For countless Indian investors, the dream of accumulating a corpus of ₹1 crore stands as a defining financial milestone. Yet, the path to this goal is often shrouded in confusion regarding portfolio construction, asset allocation, and the impact of taxes. In a detailed discussion, Archit Doshi, Fund Manager for Non-Discretionary Solutions at Prabhudas Lilladher (PL) AMC, demystifies this journey, providing a clear, actionable blueprint for the common investor.
The Ideal Portfolio Mix: A Three-Layered Strategy for Growth and Safety
Building significant wealth requires a balance between ambition and prudence. According to Doshi, an ideal portfolio targeting ₹1 crore in a 10-year horizon should be constructed with three strategic components working in tandem.

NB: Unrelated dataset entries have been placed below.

(* Let $R$ be a unital ring and let $(P,Q,\psi)$ be a unital $R$-system satisfying Condition (FS'). Let $\mathcal{T}_{(P,Q,\psi)}=\bigoplus_i\mathcal{T}_i$ be its Toeplitz ring, and define $\epsilon_0=\iota_R(1_R)$ and, for $i>0$, $\epsilon_i=\pi_{\iota_Q^i,\iota_P^i}(\mathrm{id}_{Q^{\otimes i}})\in\mathcal{T}_i\mathcal{T}_{-i}$. Then for every $i\ge0$: $\epsilon_is=s$ for all $s\in\mathcal{T}_i$, and $t\epsilon_i=t$ for all $t\in\mathcal{T}_{-i}$. Consequently $\mathcal{T}_i\mathcal{T}_{-i}$ is a unital ideal of $\mathcal{T}_0$ with multiplicative identity $\epsilon_i$, for every $i\ge0$.
   Context: For additive subsets $X,Y$ of a ring, $XY$ is the additive subgroup generated by products. An $R$-system is a triple $(P,Q,\psi)$ with $P,Q$ $R$-bimodules and $\psi:P\otimes_RQ\to R$ an $R$-bimodule homomorphism; it is unital if $R$ is unital and $1_R$ acts as identity on both sides of $P$ and $Q$. Put $P^{\otimes0}=Q^{\otimes0}=R$, $\psi_0(r\otimes r')=rr'$, $\psi_1=\psi$, and for $n>1$: $Q^{\otimes n}=Q^{\otimes(n-1)}\otimes_RQ$, $P^{\otimes n}=P\otimes_RP^{\otimes(n-1)}$, $\psi_n((p_1\otimes p_2)\otimes(q_2\otimes q_1))=\psi(p_1\psi_{n-1}(p_2\otimes q_2)\otimes q_1)$; $(P^{\otimes n},Q^{\otimes n},\psi_n)$ is again an $R$-system. For an $R$-system $(P,Q,\psi)$ and $q\in Q,p\in P$ let $\theta_{q,p}(x)=q\psi(p\otimes x)$ ($x\in Q$), $\theta_{p,q}(y)=\psi(y\otimes q)p$ ($y\in P$); $\mathcal{F}_P(Q)$, $\mathcal{F}_Q(P)$ are the additive groups generated by these maps. Condition (FS'): there exist $\Theta\in\mathcal{F}_P(Q)$, $\Phi\in\mathcal{F}_Q(P)$ with $\Theta(q)=q$, $\Phi(p)=p$ for all $q,p$. If $(P,Q,\psi)$ satisfies (FS'), so does each $(P^{\otimes n},Q^{\otimes n},\psi_n)$, and $\mathrm{id}_{Q^{\otimes n}}\in\mathcal{F}_{P^{\otimes n}}(Q^{\otimes n})$ in the unital case. A covariant representation of $(P,Q,\psi)$ is a tuple $(S,T,\sigma,B)$ with $B$ a ring, $S:P\to B$, $T:Q\to B$ additive maps, $\sigma:R\to B$ a ring homomorphism, with $S(pr)=S(p)\sigma(r)$, $S(rp)=\sigma(r)S(p)$, $T(qr)=T(q)\sigma(r)$, $T(rq)=\sigma(r)T(q)$, $\sigma(\psi(p\otimes q))=S(p)T(q)$; then with $S^n(p_1\otimes\cdots\otimes p_n)=S(p_1)\cdots S(p_n)$, $T^n(q_1\otimes\cdots\otimes q_n)=T(q_1)\cdots T(q_n)$, $(S^n,T^n,\sigma,B)$ is a covariant representation of $(P^{\otimes n},Q^{\otimes n},\psi_n)$, and there is a unique ring homomorphism $\pi_{T^n,S^n}:\mathcal{F}_{P^{\otimes n}}(Q^{\otimes n})\to B$ with $\pi_{T^n,S^n}(\theta_{q,p})=T^n(q)S^n(p)$. The Toeplitz representation $(\iota_P,\iota_Q,\iota_R,\mathcal{T}_{(P,Q,\psi)})$ is the universal covariant representation; its $\mathbb{Z}$-grading is $\mathcal{T}_i$ = additive group generated by the elements $\iota_Q^m(q)\iota_P^n(p)$ and $\iota_R(r)\iota_Q^m(q)\iota_P^n(p)$ for $q\in Q^{\otimes m}$, $p\in P^{\otimes n}$, $m-n=i$ (with $\iota^0=\iota_R$). *)

theory Defs
  imports Main "HOL-Library.Poly_Mapping"
begin

text \<open>The bimodule homomorphism
psi : P (x)_R Q -> R is given, via the universal property of the balanced tensor
product, as an R-balanced biadditive map that is left R-linear in P and right
R-linear in Q.\<close>

record ('r, 'p, 'q) rsys =
  lP  :: "'r \<Rightarrow> 'p \<Rightarrow> 'p"
  rP  :: "'p \<Rightarrow> 'r \<Rightarrow> 'p"
  lQ  :: "'r \<Rightarrow> 'q \<Rightarrow> 'q"
  rQ  :: "'q \<Rightarrow> 'r \<Rightarrow> 'q"
  psi :: "'p \<Rightarrow> 'q \<Rightarrow> 'r"

definition bimodule :: "('r::ring_1 \<Rightarrow> 'm::ab_group_add \<Rightarrow> 'm) \<Rightarrow> ('m \<Rightarrow> 'r \<Rightarrow> 'm) \<Rightarrow> bool" where
  "bimodule l rt \<longleftrightarrow>
     (\<forall>r x y. l r (x + y) = l r x + l r y) \<and>
     (\<forall>r s x. l (r + s) x = l r x + l s x) \<and>
     (\<forall>r s x. l (r * s) x = l r (l s x)) \<and>
     (\<forall>r x y. rt (x + y) r = rt x r + rt y r) \<and>
     (\<forall>r s x. rt x (r + s) = rt x r + rt x s) \<and>
     (\<forall>r s x. rt x (r * s) = rt (rt x r) s) \<and>
     (\<forall>r s x. l r (rt x s) = rt (l r x) s)"

definition unital_bimodule :: "('r::ring_1 \<Rightarrow> 'm::ab_group_add \<Rightarrow> 'm) \<Rightarrow> ('m \<Rightarrow> 'r \<Rightarrow> 'm) \<Rightarrow> bool" where
  "unital_bimodule l rt \<longleftrightarrow> bimodule l rt \<and> (\<forall>x. l 1 x = x) \<and> (\<forall>x. rt x 1 = x)"
lemma E_intro:
  assumes "\<psi> 0 = 0" "\<psi> 1 = 1"
    and der: "\<forall>x\<in>{0..1}. (\<psi> has_real_derivative \<psi>' x) (at x within {0..1})"
    and pos: "\<forall>x\<in>{0..1}. \<psi>' x > 0" and "holder_on \<delta> {0..1} \<psi>'"
  shows "\<psi> \<in> E \<delta>"
proof -
  have mono: "strict_mono_on {0..1} \<psi>"
    using deriv_pos_imp_strict_increasing_Icc[OF der pos] by (auto intro: strict_mono_onI)
  have "\<psi> ` {0..1} \<subseteq> {0..1}"
  proof
    fix y assume "y \<in> \<psi> ` {0..1}"
    then obtain x where x: "x \<in> {0..1}" "y = \<psi> x" by blast
    then have "\<psi> 0 \<le> \<psi> x" "\<psi> x \<le> \<psi> 1" using strict_mono_on_leD[OF mono] by auto
    then show "y \<in> {0..1}" using x assms(1,2) by simp
  qed
  moreover have "{0..1} \<subseteq> \<psi> ` {0..1}"
  proof
    fix y :: real assume "y \<in> {0..1}"
    moreover have "continuous_on {0..1} \<psi>" using der by (intro DERIV_continuous_on) auto
    ultimately obtain x where "0 \<le> x" "x \<le> 1" "\<psi> x = y"
      using IVT'[of \<psi> 0 y 1] assms(1,2) by auto
    then show "y \<in> \<psi> ` {0..1}" by force
  qed
  ultimately have "bij_betw \<psi> {0..1} {0..1}"
    using strict_mono_on_imp_inj_on[OF mono] unfolding bij_betw_def by blast
  then show ?thesis using assms unfolding E_def holder_on_def by blast
qed

section \<open>Gluing affine distortions\<close>

definition piecewise_affdist ::
    "(real \<Rightarrow> real) \<Rightarrow> (nat \<Rightarrow> real \<Rightarrow> real) \<Rightarrow> nat \<Rightarrow> (nat \<Rightarrow> real) \<Rightarrow> (nat \<Rightarrow> real) \<Rightarrow> bool" where
  "piecewise_affdist \<psi> \<phi> n X Y \<longleftrightarrow>
     (\<forall>i\<in>{1..n}. \<forall>t\<in>{X (i - 1)..X i}. \<psi> t = affdist (\<phi> i) (X (i - 1)) (X i) (Y (i - 1)) (Y i) t)"

definition slopes_match ::
    "real \<Rightarrow> (nat \<Rightarrow> real \<Rightarrow> real) \<Rightarrow> nat \<Rightarrow> (nat \<Rightarrow> real) \<Rightarrow> (nat \<Rightarrow> real) \<Rightarrow> bool" where
  "slopes_match \<delta> \<phi> n X Y \<longleftrightarrow> (\<forall>k\<in>{1..<n}.
     (Y k - Y (k - 1)) / (X k - X (k - 1)) * E_deriv (\<phi> k) \<delta> 1 =
     (Y (Suc k) - Y k) / (X (Suc k) - X k) * E_deriv (\<phi> (Suc k)) \<delta> 0)"
definition reducible_q :: "'a::comm_ring_1 list \<Rightarrow> bool" where
  "reducible_q cs \<longleftrightarrow> (\<exists>as bs. lambda_quiddity bs \<and> length bs \<ge> 3 \<and> length as \<ge> 3
      \<and> qsim cs (qsum as bs))"

definition irreducible_q :: "'a::comm_ring_1 list \<Rightarrow> bool" where
  "irreducible_q cs \<longleftrightarrow> lambda_quiddity cs \<and> length cs \<ge> 3 \<and> \<not> reducible_q cs"

text \<open>The ring D of diagonal 2x2 matrices over Z/2Z, represented by their diagonal
  (componentwise operations), and the elements B = diag(1,0), C = diag(0,1).\<close>
type_synonym D = "bit ^ 2"

definition Bd :: D where "Bd = (\<chi> i. if i = 1 then 1 else 0)"
definition Cd :: D where "Cd = (\<chi> i. if i = 1 then 0 else 1)"

end

theory Submission
  imports Defs
begin

text \<open>Peeling off a \<lambda>-quiddity \<open>(b\<^sub>1, w, b\<^sub>l)\<close> under \<open>\<oplus>\<close> leaves \<open>w\<close>
  as a block of consecutive entries whose matrix has top-left corner \<open>\<plusminus>1\<close>; conversely,
  by the determinant condition, every such block extends to a \<lambda>-quiddity. Reducibility is thus
  detected by cyclic windows. Over \<open>D\<close> a window \<open>(1)\<close> or a window \<open>(x, y)\<close> with
  \<open>x y = 0\<close> has corner \<open>1\<close>, so an irreducible quiddity of length at least \<open>5\<close> is constant
  \<open>B\<close> or \<open>C\<close>, and four equal entries \<open>B\<close> (resp. \<open>C\<close>) already form a window with corner
  \<open>1\<close>. Lengths \<open>3\<close> and \<open>4\<close> are settled by enumeration, and irreducibility of the listed
  tuples by checking all windows of all their rotations and reversals.\<close>

lemma mmul2_assoc: "mmul2 (mmul2 A B) C = mmul2 A (mmul2 B C)"
  by (cases A; cases B; cases C) (simp add: algebra_simps)

lemma mmul2_id2_left [simp]: "mmul2 id2 A = A"
  by (cases A) (simp add: id2_def)

lemma Mq_Nil [simp]: "Mq [] = id2"
  by (simp add: Mq_def)

lemma Mq_snoc: "Mq (xs @ [x]) = mmul2 (elem2 x) (Mq xs)"
  by (simp add: Mq_def)

lemma Mq_append: "Mq (xs @ ys) = mmul2 (Mq ys) (Mq xs)"
  by (induction ys rule: rev_induct) (simp_all add: Mq_snoc mmul2_assoc flip: append_assoc)

lemma Mq_single: "Mq [a] = elem2 a"
  using Mq_snoc[of "[]" a] by (cases "elem2 a") (simp add: id2_def)

fun det2 :: "'a::comm_ring_1 mat2 \<Rightarrow> 'a" where
  "det2 (a, b, c, d) = a * d - b * c"

lemma det2_mmul2: "det2 (mmul2 A B) = det2 A * det2 B"
  by (cases A; cases B) (simp add: algebra_simps)

lemma det2_Mq: "det2 (Mq xs) = 1"
proof (induction xs rule: rev_induct)
  case (snoc x xs)
  then show ?case by (simp add: Mq_snoc det2_mmul2 elem2_def)
qed (simp add: id2_def)

definition corner_split :: "'a::comm_ring_1 list \<Rightarrow> bool" where
  "corner_split z \<longleftrightarrow>
     (\<exists>u w. z = u @ w \<and> length u \<ge> 3 \<and> w \<noteq> [] \<and> (fst (Mq w) = 1 \<or> fst (Mq w) = -1))"

lemma lambda_quiddity_corner:
  assumes "lambda_quiddity (a # w @ [b])"
  shows "fst (Mq w) = 1 \<or> fst (Mq w) = -1"
proof -
  obtain p q r s where M: "Mq w = (p, q, r, s)" by (cases "Mq w")
  have "Mq (a # w @ [b]) = mmul2 (elem2 b) (mmul2 (Mq w) (elem2 a))"
    using Mq_append[of "[a] @ w" "[b]"] Mq_append[of "[a]" w] by (simp add: Mq_single)
  then have "snd (snd (snd (Mq (a # w @ [b])))) = - p"
    using M by (simp add: elem2_def)
  with assms M show ?thesis
    by (auto simp: lambda_quiddity_def id2_def negid2_def) (metis minus_minus)+
qed

text \<open>With \<open>Mq w = (p, q, r, s)\<close> and \<open>p\<^sup>2 = 1\<close>, the ends \<open>-p q\<close> and \<open>p r\<close> clear the
  off-diagonal entries, and \<open>p s - q r = 1\<close> makes the product \<open>-p\<close> times the identity.\<close>
lemma lambda_quiddity_extend_corner:
  assumes "fst (Mq w) = 1 \<or> fst (Mq w) = -1"
  obtains a b where "lambda_quiddity (a # w @ [b])"
proof -
  obtain p q r s where M: "Mq w = (p, q, r, s)" by (cases "Mq w")
  then have p: "p = 1 \<or> p = -1" using assms by simp
  have pp: "p * p = 1" using p by auto
  have "det2 (Mq w) = 1" by (rule det2_Mq)
  then have s: "p * s = 1 + q * r" using M by (simp add: algebra_simps)
  have "s = p * (p * s)" using pp by (simp add: mult.assoc[symmetric])
  then have s': "s = p + p * q * r" using s by (simp add: algebra_simps)
  have "Mq ((- p * q) # w @ [p * r]) = mmul2 (elem2 (p * r)) (mmul2 (Mq w) (elem2 (- p * q)))"
    using Mq_append[of "[- p * q] @ w" "[p * r]"] Mq_append[of "[- p * q]" w]
    by (simp add: Mq_single)
  also have "\<dots> = (- p, 0, 0, - p)"
    using M s' pp by (simp add: elem2_def algebra_simps) (simp add: mult.assoc[symmetric])
  finally have "lambda_quiddity ((- p * q) # w @ [p * r])"
    using p by (auto simp: lambda_quiddity_def id2_def negid2_def)
  then show thesis by (rule that)
qed

lemma corner_split_iff_qsum:
  "corner_split z \<longleftrightarrow>
     (\<exists>as bs. lambda_quiddity bs \<and> length bs \<ge> 3 \<and> length as \<ge> 3 \<and> qsum as bs = z)"
proof
  assume "corner_split z"
  then obtain u w where z: "z = u @ w" and u: "length u \<ge> 3" and w: "w \<noteq> []"
    and corner: "fst (Mq w) = 1 \<or> fst (Mq w) = -1"
    unfolding corner_split_def by blast
  obtain a b where bs: "lambda_quiddity (a # w @ [b])"
    using lambda_quiddity_extend_corner[OF corner] by blast
  define as where "as = (hd u - b) # butlast (tl u) @ [last u - a]"
  have u_eq: "hd u # butlast (tl u) @ [last u] = u"
    using u by (cases u; cases "tl u") auto
  have "qsum as (a # w @ [b]) = (hd u # butlast (tl u) @ [last u]) @ w"
    using w by (simp add: qsum_def as_def)
  then have "qsum as (a # w @ [b]) = z"
    by (simp only: u_eq z)
  moreover have "length as \<ge> 3" "length (a # w @ [b]) \<ge> 3"
    using u w by (auto simp: as_def Suc_le_eq)
  ultimately show "\<exists>as bs. lambda_quiddity bs \<and> length bs \<ge> 3 \<and> length as \<ge> 3 \<and> qsum as bs = z"
    using bs by blast
next
  assume "\<exists>as bs. lambda_quiddity bs \<and> length bs \<ge> 3 \<and> length as \<ge> 3 \<and> qsum as bs = z"
  then obtain as bs where bs: "lambda_quiddity bs" "length bs \<ge> 3" and as: "length as \<ge> 3"
    and z: "qsum as bs = z" by blast
  define w where "w = butlast (tl bs)"
  have "hd bs # w @ [last bs] = bs"
    using bs(2) unfolding w_def by (cases bs; cases "tl bs") auto
  then have "fst (Mq w) = 1 \<or> fst (Mq w) = -1"
    using bs(1) lambda_quiddity_corner by metis
  moreover have "([hd as + last bs] @ butlast (tl as) @ [last as + hd bs]) @ w = z"
    by (simp add: z[symmetric] qsum_def w_def)
  moreover have "w \<noteq> []"
    using bs(2) by (simp add: w_def flip: length_greater_0_conv)
  moreover have "length ([hd as + last bs] @ butlast (tl as) @ [last as + hd bs]) \<ge> 3"
    using as by simp
  ultimately show "corner_split z"
    unfolding corner_split_def by blast
qed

The foundation, constituting 75% of the portfolio, should be in diversified equity mutual funds. This allocation is not passive; it requires a deliberate tilt towards small-cap and mid-cap companies. Over a decade, these smaller companies are poised to grow faster, capitalizing on India's economic expansion. Diversification across various sectors is crucial to avoid overexposure to any single industry's volatility.
The stability layer, making up 10% of the portfolio, should be allocated to debt and debt-like instruments. This portion acts as a critical safety net for emergency liquidity needs, such as medical expenses or sudden job transitions. Its primary role is to prevent panic selling during market downturns, ensuring the core equity investment remains undisturbed and disciplined.
The final layer of 15% is dedicated to gold. Gold's unique characteristic is its low correlation with the stock market; it often moves independently. Historically, it has offered superior protection against inflation compared to debt instruments. Including gold significantly reduces the overall volatility and risk of the portfolio, making the wealth-building journey smoother.
This calibrated 75-10-15 mix is designed to be aggressive enough for substantial growth while providing sufficient stability for investor peace of mind over the long term.
Navigating Taxes and Calculating the Required Investment
Taxes can erode a significant portion of your returns, but a smart asset structure can mitigate their impact. Doshi explains the critical tax angles for each asset class.
Equity mutual funds held for over one year attract a long-term capital gains (LTCG) tax of approximately 14.95% (including surcharge and cess). Selling within a year incurs a much higher tax rate of roughly 23.92%. For a 10-year horizon, most equity gains will benefit from the lower LTCG rate.
Pure debt funds are taxed at the investor's maximum marginal income tax rate, regardless of the holding period. Here, hybrid funds like equity-savings or arbitrage funds can be advantageous. Though they may have a debt-like return profile, they qualify for the lower equity tax rate of about 14.95% if held for over two years, enhancing post-tax returns.
Gold held for more than 12 months is also eligible for the 14.95% LTCG tax rate. Therefore, the non-equity bucket is smartly split: pure debt for immediate liquidity and hybrids for tax efficiency, with gold serving as a diversifier and inflation hedge.
The Monthly SIP Discipline: Letting Compounding Do the Heavy Lifting
The crucial question for every investor is: how much must I invest monthly? Doshi provides a clear answer.
To reach the ₹1 crore target in 10 years, a monthly Systematic Investment Plan (SIP) of approximately ₹50,000 is required. Over 120 months, this amounts to ₹60 lakhs of personal capital invested. The magic of compounding generates the remaining ₹40 lakhs, assuming the portfolio achieves a post-tax return of around 10%.
The real power of an SIP lies in its mechanical discipline, which removes emotion and market-timing risk. Whether markets crash or rally, the consistent monthly investment of ₹50,000 buys units at varying prices, averaging out the cost over time and capturing gains across market cycles.
The expert's message is clear: wealth is built not through speculation, but through time, consistency, and a disciplined strategy. Starting today with a committed SIP in a well-structured portfolio can set investors firmly on the path to their crorepati goal.